Я посмотрел за перегородку. Там было полно народу.
— Который из них?
Бармен указал на маленького человечка, сидящего в одиночестве за столиком в углу. Я подошел и сел рядом.
— Привет, Эдди.
У него оказалось морщинистое, обрюзгшее лицо, светлые волосы, бледные голубые глаза. Бекон косо взглянул на меня.
— Что будете пить?
— Виски. Воду. Без льда.
Принесли выпивку.
— Где Лиз?
— Кто?
— Ваша жена. Я слышал, она ушла от вас?
— Они все ушли от меня.
— Где Лиз?
— Это случилось совершенно неожиданно, — произнес он мрачным голосом. — Я взял детей на Кони-Айленд…
— О детях в другой раз. Где Лиз?
— Я рассказываю. Кони-Айленд — проклятое место. Тебя привязывают в вагончике, разгоняют и пускают наперегонки с динозавром. Этот аттракцион будит в людях инстинкты каменного века. Вот почему дети в восторге. В них сильны пережитки каменного века.

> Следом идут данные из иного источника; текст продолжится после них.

(* A (pinv A) is the orthogonal projection onto the range of A, hence a contraction. *)
lemma norm_mult_pinv_le:
  fixes A :: "real^'n^'m"
  assumes "inj ((*v) A)"
  shows "norm (A *v (pinv A *v w)) \<le> norm w"
proof -
  obtain G where G: "G ** (transpose A ** A) = mat 1"
    using assms by (rule gram_left_invertible)
  define x where "x = pinv A *v w"
  have "(transpose A ** A) ** G = mat 1"
    using G matrix_left_right_inverse by blast
  then have "(transpose A ** A) *v x = transpose A *v w"
    unfolding x_def pinv_eq_gram_inverse_mult_transpose[OF G]
    by (simp add: matrix_vector_mul_assoc matrix_mul_assoc flip: transpose_matrix_vector)
  then have "(norm (A *v x))\<^sup>2 = w \<bullet> (A *v x)"
    by (simp add: power2_norm_eq_inner inner_mult_mult_eq_gram dot_lmul_matrix)
  also have "\<dots> \<le> norm w * norm (A *v x)"
    by (rule real_inner_class.Cauchy_Schwarz_ineq2[THEN abs_le_D1])
  finally have "norm (A *v x) * norm (A *v x) \<le> norm w * norm (A *v x)"
    by (simp add: power2_eq_square)
  then show ?thesis
    unfolding x_def by (cases "A *v x = 0") (auto simp: x_def)
qed

lemma sigma_min_mult_norm_pinv_le:
  fixes A :: "real^'n^'m"
  assumes "0 < sigma_min A"
  shows "sigma_min A * norm (pinv A *v w) \<le> norm w"
  using sigma_min_mult_norm_le[of A "pinv A *v w"] norm_mult_pinv_le[OF inj_of_sigma_min_pos[OF assms], of w]
  by linarith

lemma norm_le_norm1: "norm (x::real^'n) \<le> norm1 x"
  unfolding norm1_def by (rule norm_le_l1_cart)

lemma norm1_le_sqrt_card_mult_norm: "norm1 (x::real^'n) \<le> sqrt (real CARD('n)) * norm x"
proof -
  have "norm1 x = (\<Sum>i\<in>UNIV. \<bar>x $ i\<bar> * \<bar>1::real\<bar>)"
    by (simp add: norm1_def)
  also have "\<dots> \<le> L2_set (\<lambda>i. x $ i) UNIV * L2_set (\<lambda>i::'n. 1::real) UNIV"
    by (rule L2_set_mult_ineq)
  also have "\<dots> = norm x * sqrt (real CARD('n))"
    by (simp add: norm_vec_def L2_set_def)
  finally show ?thesis
    by (simp add: mult.commute)
qed

lemma norm1_pinv_le:
  fixes A :: "real^'n^'m"
  assumes "0 < alpha" and "alpha \<le> sigma_min A"
  shows "norm1 (pinv A *v w) \<le> sqrt (real CARD('n)) / alpha * norm1 w"
proof -
  have "alpha * norm (pinv A *v w) \<le> sigma_min A * norm (pinv A *v w)"
    using assms(2) by (rule mult_right_mono) simp
  also have "\<dots> \<le> norm w"
    using assms by (intro sigma_min_mult_norm_pinv_le) simp
  also have "\<dots> \<le> norm1 w"
    by (rule norm_le_norm1)
  finally have "norm (pinv A *v w) \<le> norm1 w / alpha"
    using assms(1) by (simp add: field_simps)
  have "norm1 (pinv A *v w) \<le> sqrt (real CARD('n)) * norm (pinv A *v w)"
    by (rule norm1_le_sqrt_card_mult_norm)
  also have "\<dots> \<le> sqrt (real CARD('n)) * (norm1 w / alpha)"
    using \<open>norm (pinv A *v w) \<le> norm1 w / alpha\<close> by (rule mult_left_mono) simp
  finally show ?thesis
    by simp
qed

definition column_stochastic :: "real^'n^'m \<Rightarrow> bool" where
  "column_stochastic K \<longleftrightarrow> (\<forall>i j. 0 \<le> K $ i $ j) \<and> (\<forall>j. (\<Sum>i\<in>UNIV. K $ i $ j) = 1)"

lemma norm1_column_stochastic_mult_le:
  fixes K :: "real^'n^'m"
  assumes "column_stochastic K"
  shows "norm1 (K *v y) \<le> norm1 y"
proof -
  have "norm1 (K *v y) = (\<Sum>i\<in>UNIV. \<bar>\<Sum>j\<in>UNIV. K $ i $ j * y $ j\<bar>)"
    unfolding norm1_def matrix_vector_mult_def by simp
  also have "\<dots> \<le> (\<Sum>i\<in>UNIV. \<Sum>j\<in>UNIV. K $ i $ j * \<bar>y $ j\<bar>)"
    using assms unfolding column_stochastic_def
    by (intro sum_mono order_trans[OF sum_abs]) (simp add: abs_mult)
  also have "\<dots> = (\<Sum>j\<in>UNIV. (\<Sum>i\<in>UNIV. K $ i $ j) * \<bar>y $ j\<bar>)"
    by (subst sum.swap) (simp add: sum_distrib_right)
  also have "\<dots> = norm1 y"
    using assms unfolding column_stochastic_def norm1_def by simp
  finally show ?thesis .
qed

lemma sigma_min_column_stochastic_le_1:
  fixes A :: "real^'n^'m"
  assumes "column_stochastic A"
  shows "sigma_min A \<le> 1"
proof -
  fix j :: 'n
  have "sigma_min A \<le> norm (A *v axis j 1)"
    using sigma_min_mult_norm_le[of A "axis j 1"] by simp
  also have "\<dots> \<le> norm1 (A *v axis j 1)"
    by (rule norm_le_norm1)
  also have "\<dots> \<le> norm1 (axis j 1 :: real^'n)"
    using assms by (rule norm1_column_stochastic_mult_le)
  also have "\<dots> = 1"
    by (simp add: norm1_def axis_def)
  finally show ?thesis .
qed

lemma Zdiag_mult: "Zdiag Z th k ob *v y = (\<chi> s. Z th k s ob * y $ s)"
  by (simp add: Zdiag_def matrix_vector_mult_def vec_eq_iff if_distrib[of "\<lambda>x. x * _"] sum.delta
      cong: if_cong)

lemma sum_norm1_Zdiag_mult:
  assumes "column_stochastic (Zmat Z th k)"
  shows "(\<Sum>ob\<in>UNIV. norm1 (Zdiag Z th k ob *v y)) = norm1 y"
proof -
  have "(\<Sum>ob\<in>UNIV. norm1 (Zdiag Z th k ob *v y)) = (\<Sum>s\<in>UNIV. (\<Sum>ob\<in>UNIV. Z th k s ob) * \<bar>y $ s\<bar>)"
    using assms unfolding column_stochastic_def Zmat_def norm1_def Zdiag_mult
    by (subst sum.swap) (simp add: abs_mult sum_distrib_right[symmetric])
  also have "\<dots> = norm1 y"
    using assms unfolding column_stochastic_def Zmat_def norm1_def by simp
  finally show ?thesis .
qed

lemma sum_norm1_Tmat_Zdiag_le:
  assumes "\<And>a. column_stochastic (Tmat T th k a)" and "column_stochastic (Zmat Z th k)"
  shows "(\<Sum>ob\<in>UNIV. norm1 (Tmat T th k (f ob) *v (Zdiag Z th k ob *v y))) \<le> norm1 y"
proof -
  have "(\<Sum>ob\<in>UNIV. norm1 (Tmat T th k (f ob) *v (Zdiag Z th k ob *v y)))
      \<le> (\<Sum>ob\<in>UNIV. norm1 (Zdiag Z th k ob *v y))"
    using assms(1) by (intro sum_mono norm1_column_stochastic_mult_le)
  also have "\<dots> = norm1 y"
    using assms(2) by (rule sum_norm1_Zdiag_mult)
  finally show ?thesis .
qed

lemma sum_lists_length_Suc:
  "(\<Sum>xs\<in>{xs::'b::finite list. length xs = Suc n}. f xs)
    = (\<Sum>x\<in>UNIV. \<Sum>xs\<in>{xs. length xs = n}. f (x # xs))"
proof -
  have eq: "{xs::'b list. length xs = Suc n} = (\<lambda>(x, xs). x # xs) ` (UNIV \<times> {xs. length xs = n})"
    by (auto simp: length_Suc_conv image_iff)
  have inj: "inj_on (\<lambda>(x::'b, xs). x # xs) (UNIV \<times> {xs. length xs = n})"
    by (auto simp: inj_on_def)
  have "(\<Sum>xs\<in>{xs::'b list. length xs = Suc n}. f xs) = (\<Sum>(x, xs)\<in>UNIV \<times> {xs. length xs = n}. f (x # xs))"
    unfolding eq by (subst sum.reindex[OF inj]) (simp add: case_prod_beta)
  then show ?thesis
    by (simp add: sum.cartesian_product)
qed

lemma pol_prob_nonneg: "0 \<le> pol_prob pol tau"
  unfolding pol_prob_def by (rule prod_nonneg) simp

lemma pol_prob_snoc:
  "pol_prob pol (hist @ [p])
    = (if pol (Suc (length hist)) hist (fst p) = snd p then pol_prob pol hist else 0)"
proof -
  have "pol_prob pol (hist @ [p]) = (if pol (Suc (length hist)) hist (fst p) = snd p then 1 else 0)
      * (\<Prod>t\<in>{1..length hist}. if pol t (take (t - 1) (hist @ [p])) (fst ((hist @ [p]) ! (t - 1)))
          = snd ((hist @ [p]) ! (t - 1)) then 1 else 0)"
    unfolding pol_prob_def by (simp add: prod.cl_ivl_Suc)
  also have "(\<Prod>t\<in>{1..length hist}. if pol t (take (t - 1) (hist @ [p])) (fst ((hist @ [p]) ! (t - 1)))
      = snd ((hist @ [p]) ! (t - 1)) then 1 else 0) = pol_prob pol hist"
    unfolding pol_prob_def by (rule prod.cong) (auto simp: nth_append)
  finally show ?thesis
    by simp
qed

— Во взрослых тоже. Как насчет Лиз?
— Боже! — воскликнул Бекон. Мы выпили еще. — Да… Лиз… Та заставила меня забыть, что Лиз существует. Я встретил ее у вагончиков роллер-костера [16]. Она ждала. Притаилась, чтобы броситься. Паук. «Черная вдова». Шлюха, которой не было.
— Кого не было?
— Вы не слышали об Исчезнувшей любовнице Бекона? Невидимой Леди? Пропавшей Даме?
— Нет.
— Черт побери, где вы были? Не знаете, как Бекон снял комнату для женщины, которой не существовало?.. Надо мной до сих пор смеются. Все, кроме Лиз.
— Я ничего не знаю.
— Нет? — Он сделал большой глоток, поставил стакан и зло вперился в стол, будто ребенок, пытающийся решить алгебраическую задачку. — Ее звали Фрейда. Ф-Р-Е-Й-Д-А. Как Фрейя, богиня весны. Вечно молодая. Внешне она была вылитая девственница Боттичелли. И тигр внутри.
— Фрейда… Как дальше?
— Понятия не имею. Может быть, у нее нет фамилии, потому что она воображаема, как мне говорят. — Он глубоко вздохнул. — Я занимаюсь детективами на телевидении. Я знаю все уловки — это мое дело. Но она придумала другую. Она подцепила меня, заявив, что где-то встретила моих детей. Кто может сказать, кого знает маленький ребенок? Я проглотил ее приманку, а когда раскусил ее ложь, уже погиб.
— Что вы имеете в виду?
Бекон горько улыбнулся.
— Это все в моем воображении, уверяют меня. Я никогда не убивал ее на самом деле, потому что в действительности она никогда не жила.
— Вы убили Фрейду?
— С самого начала это была война, — сказал он, — и она кончилась убийством. У нас была не любовь — была война.
— Это все ваши фантазии?
— Так мне говорят. Я потерял неделю. Семь дней. Говорят, что я действительно снимал квартиру, но никого туда не приводил, потому что никакой Фрейды не существовало. Я был один. Один. Не было сумасшедшей твари, говорившей: «Сигма, милый…»
— Что-что?
— Вы слышали. «Сигма, милый». Она так прощалась. «Сигма, милый». Вот что она сказала мне в тот последний день. С безумным блеском в девственных глазах. Сказала, что сама позвонила Лиз и все о нас выложила. «Сигма, милый». И направилась к двери.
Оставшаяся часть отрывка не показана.